(Data extracted from a collection)
definition load :: "'v set \<Rightarrow> ('v \<Rightarrow> real) \<Rightarrow> ('v \<Rightarrow> 'f \<Rightarrow> real) \<Rightarrow> 'f \<Rightarrow> real" where
  "load V w p f = (\<Sum>v\<in>V. p v f * w v)"

definition load_minus :: "'v set \<Rightarrow> ('v \<Rightarrow> real) \<Rightarrow> ('v \<Rightarrow> 'f \<Rightarrow> real) \<Rightarrow> 'v \<Rightarrow> 'f \<Rightarrow> real" where
  "load_minus V w p v f = (\<Sum>u\<in>V - {v}. p u f * w u)"

definition client_cost ::
  "'v set \<Rightarrow> 'f set \<Rightarrow> ('v \<times> 'v) set \<Rightarrow> ('v \<Rightarrow> real) \<Rightarrow> ('f \<Rightarrow> 'v) \<Rightarrow> ('v \<Rightarrow> 'f \<Rightarrow> real) \<Rightarrow> 'v \<Rightarrow> real" where
  "client_cost V F E w s p v = w v + (\<Sum>f\<in>Ns F E s v. p v f * load_minus V w p v f)"

definition client_eq ::
  "'v set \<Rightarrow> 'f set \<Rightarrow> ('v \<times> 'v) set \<Rightarrow> ('v \<Rightarrow> real) \<Rightarrow> ('f \<Rightarrow> 'v) \<Rightarrow> ('v \<Rightarrow> 'f \<Rightarrow> real) \<Rightarrow> bool" where
  "client_eq V F E w s p \<longleftrightarrow> client_profile V F E s p \<and>
     (\<forall>v\<in>V. \<forall>d. feasible_dist F E s v d \<longrightarrow>
        client_cost V F E w s p v \<le> client_cost V F E w s (p(v := d)) v)"

definition full_client_eq ::
  "'v set \<Rightarrow> ('v \<times> 'v) set \<Rightarrow> ('v \<Rightarrow> real) \<Rightarrow> 'f set \<Rightarrow> ('f \<Rightarrow> 'v set) \<Rightarrow>
   (('f \<Rightarrow> 'v) \<Rightarrow> 'v \<Rightarrow> 'f \<Rightarrow> real) \<Rightarrow> bool" where
  "full_client_eq V E w F U \<sigma> \<longleftrightarrow> (\<forall>s'\<in>fpps F U. client_eq V F E w s' (\<sigma> s'))"

definition is_SPE ::
  "'v set \<Rightarrow> ('v \<times> 'v) set \<Rightarrow> ('v \<Rightarrow> real) \<Rightarrow> 'f set \<Rightarrow> ('f \<Rightarrow> 'v set) \<Rightarrow>
   ('f \<Rightarrow> 'v) \<Rightarrow> (('f \<Rightarrow> 'v) \<Rightarrow> 'v \<Rightarrow> 'f \<Rightarrow> real) \<Rightarrow> bool" where
  "is_SPE V E w F U s \<sigma> \<longleftrightarrow> s \<in> fpps F U \<and> full_client_eq V E w F U \<sigma> \<and>
     \<not> (\<exists>f\<in>F. \<exists>x\<in>U f. load V w (\<sigma> (s(f := x))) f > load V w (\<sigma> s) f)"

definition participation ::
  "'v set \<Rightarrow> ('v \<times> 'v) set \<Rightarrow> ('v \<Rightarrow> real) \<Rightarrow> 'f set \<Rightarrow> ('f \<Rightarrow> 'v) \<Rightarrow> real" where
  "participation V E w F s = (\<Sum>v\<in>{v\<in>V. Ns F E s v \<noteq> {}}. w v)"

end

theory Submission
  imports Defs
begin

text \<open>
  Upper bound: let \<open>s\<close> be an SPE and \<open>s*\<close> any placement. If facility \<open>f\<close> moved to its location
  in \<open>s*\<close>, every client seeing that location but no facility of \<open>s\<close> would have \<open>f\<close> as its
  only neighbouring facility and hence be served entirely by \<open>f\<close>; since the move is not
  profitable, these clients weigh at most the load of \<open>f\<close> in \<open>s\<close>. Summing over \<open>f\<close>, the clients
  served in \<open>s*\<close> but not in \<open>s\<close> weigh at most the total load in \<open>s\<close>, which is \<open>w(s)\<close>.

  Lower bound: a star whose centre has weight \<open>k\<close> and sees \<open>k\<close> leaves of weight 1, each leaf
  seeing only itself; facility \<open>f\<close> may sit at the centre or at its own leaf. With all facilities at
  the centre, each has load 1 and \<open>w(s) = k\<close>, while all facilities at the leaves give \<open>2 k\<close>.
\<close>

lemma sum_Un_le:
  fixes g :: "'a \<Rightarrow> 'b::ordered_ab_group_add"
  assumes "finite A" and "finite B" and "\<And>x. x \<in> A \<union> B \<Longrightarrow> 0 \<le> g x"
  shows "sum g (A \<union> B) \<le> sum g A + sum g B"
proof -
  have "0 \<le> sum g (A \<inter> B)"
    using assms(3) by (intro sum_nonneg) auto
  then show ?thesis
    using assms(1,2) by (simp add: sum_Un)
qed

lemma sum_UN_le_sum:
  fixes g :: "'a \<Rightarrow> 'b::ordered_ab_group_add"
  assumes "finite I" and "\<And>i. i \<in> I \<Longrightarrow> finite (B i)"
    and "\<And>x. x \<in> (\<Union>i\<in>I. B i) \<Longrightarrow> 0 \<le> g x"
  shows "sum g (\<Union>i\<in>I. B i) \<le> (\<Sum>i\<in>I. sum g (B i))"
  using assms
proof (induction I rule: finite_induct)
  case empty
  then show ?case by simp
next
  case (insert j I)
  let ?U = "\<Union>i\<in>I. B i"
  have "sum g (B j \<union> ?U) \<le> sum g (B j) + sum g ?U"
    using insert by (intro sum_Un_le) auto
  also have "sum g ?U \<le> (\<Sum>i\<in>I. sum g (B i))"
    using insert.prems by (intro insert.IH) auto
  finally show ?case
    using insert.hyps by (simp add: add_left_mono)
qed

lemma feasible_dist_sum:
  assumes "finite F" and "feasible_dist F E s v d"
  shows "(\<Sum>f\<in>F. d f) = (if Ns F E s v = {} then 0 else 1)"
proof -
  have "(\<Sum>f\<in>F. d f) = (\<Sum>f\<in>Ns F E s v. d f)"
    using assms by (intro sum.mono_neutral_right) (auto simp: Ns_def feasible_dist_def)
  then show ?thesis
    using assms(2) by (auto simp: feasible_dist_def)
qed

lemma sum_load_eq_participation:
  assumes "finite V" and "finite F" and "client_profile V F E s p"
  shows "(\<Sum>f\<in>F. load V w p f) = participation V E w F s"
proof -
  have "(\<Sum>f\<in>F. load V w p f) = (\<Sum>v\<in>V. w v * (\<Sum>f\<in>F. p v f))"
    unfolding load_def by (subst sum.swap) (simp add: sum_distrib_left mult.commute)
  also have "\<dots> = (\<Sum>v\<in>V. if Ns F E s v \<noteq> {} then w v else 0)"
  proof (intro sum.cong refl)
    fix v assume "v \<in> V"
    then have "(\<Sum>f\<in>F. p v f) = (if Ns F E s v = {} then 0 else 1)"
      using assms(2,3) by (intro feasible_dist_sum) (auto simp: client_profile_def)
    then show "w v * (\<Sum>f\<in>F. p v f) = (if Ns F E s v \<noteq> {} then w v else 0)"
      by simp
  qed
  also have "\<dots> = participation V E w F s"
    using assms(1) by (simp add: participation_def sum.inter_filter)
  finally show ?thesis .
qed

lemma sum_weight_le_load:
  assumes "finite V" and "\<And>v. v \<in> V \<Longrightarrow> 0 \<le> w v" and "client_profile V F E s p"
    and "D \<subseteq> V" and "\<And>v. v \<in> D \<Longrightarrow> Ns F E s v = {f}"
  shows "sum w D \<le> load V w p f"
proof -
  have "p v f = 1" if "v \<in> D" for v
  proof -
    have "feasible_dist F E s v (p v)"
      using assms(3,4) that by (auto simp: client_profile_def)
    then show ?thesis
      using assms(5)[OF that] by (simp add: feasible_dist_def)
  qed
  then have "sum w D = (\<Sum>v\<in>D. p v f * w v)"
    by simp
  also have "\<dots> \<le> (\<Sum>v\<in>V. p v f * w v)"
    using assms(1-4) by (intro sum_mono2) (auto simp: client_profile_def feasible_dist_def)
  finally show ?thesis
    by (simp add: load_def)
qed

**Exercise prompt**. Restate word for word the entries above, starting at the line with "seeing only itself;" and ending at the line with "fix v assume", inclusive, and no others.

**Solution for this task**.
  seeing only itself; facility \<open>f\<close> may sit at the centre or at its own leaf. With all facilities at
  the centre, each has load 1 and \<open>w(s) = k\<close>, while all facilities at the leaves give \<open>2 k\<close>.
\<close>

lemma sum_Un_le:
  fixes g :: "'a \<Rightarrow> 'b::ordered_ab_group_add"
  assumes "finite A" and "finite B" and "\<And>x. x \<in> A \<union> B \<Longrightarrow> 0 \<le> g x"
  shows "sum g (A \<union> B) \<le> sum g A + sum g B"
proof -
  have "0 \<le> sum g (A \<inter> B)"
    using assms(3) by (intro sum_nonneg) auto
  then show ?thesis
    using assms(1,2) by (simp add: sum_Un)
qed

lemma sum_UN_le_sum:
  fixes g :: "'a \<Rightarrow> 'b::ordered_ab_group_add"
  assumes "finite I" and "\<And>i. i \<in> I \<Longrightarrow> finite (B i)"
    and "\<And>x. x \<in> (\<Union>i\<in>I. B i) \<Longrightarrow> 0 \<le> g x"
  shows "sum g (\<Union>i\<in>I. B i) \<le> (\<Sum>i\<in>I. sum g (B i))"
  using assms
proof (induction I rule: finite_induct)
  case empty
  then show ?case by simp
next
  case (insert j I)
  let ?U = "\<Union>i\<in>I. B i"
  have "sum g (B j \<union> ?U) \<le> sum g (B j) + sum g ?U"
    using insert by (intro sum_Un_le) auto
  also have "sum g ?U \<le> (\<Sum>i\<in>I. sum g (B i))"
    using insert.prems by (intro insert.IH) auto
  finally show ?case
    using insert.hyps by (simp add: add_left_mono)
qed

lemma feasible_dist_sum:
  assumes "finite F" and "feasible_dist F E s v d"
  shows "(\<Sum>f\<in>F. d f) = (if Ns F E s v = {} then 0 else 1)"
proof -
  have "(\<Sum>f\<in>F. d f) = (\<Sum>f\<in>Ns F E s v. d f)"
    using assms by (intro sum.mono_neutral_right) (auto simp: Ns_def feasible_dist_def)
  then show ?thesis
    using assms(2) by (auto simp: feasible_dist_def)
qed

lemma sum_load_eq_participation:
  assumes "finite V" and "finite F" and "client_profile V F E s p"
  shows "(\<Sum>f\<in>F. load V w p f) = participation V E w F s"
proof -
  have "(\<Sum>f\<in>F. load V w p f) = (\<Sum>v\<in>V. w v * (\<Sum>f\<in>F. p v f))"
    unfolding load_def by (subst sum.swap) (simp add: sum_distrib_left mult.commute)
  also have "\<dots> = (\<Sum>v\<in>V. if Ns F E s v \<noteq> {} then w v else 0)"
  proof (intro sum.cong refl)
    fix v assume "v \<in> V"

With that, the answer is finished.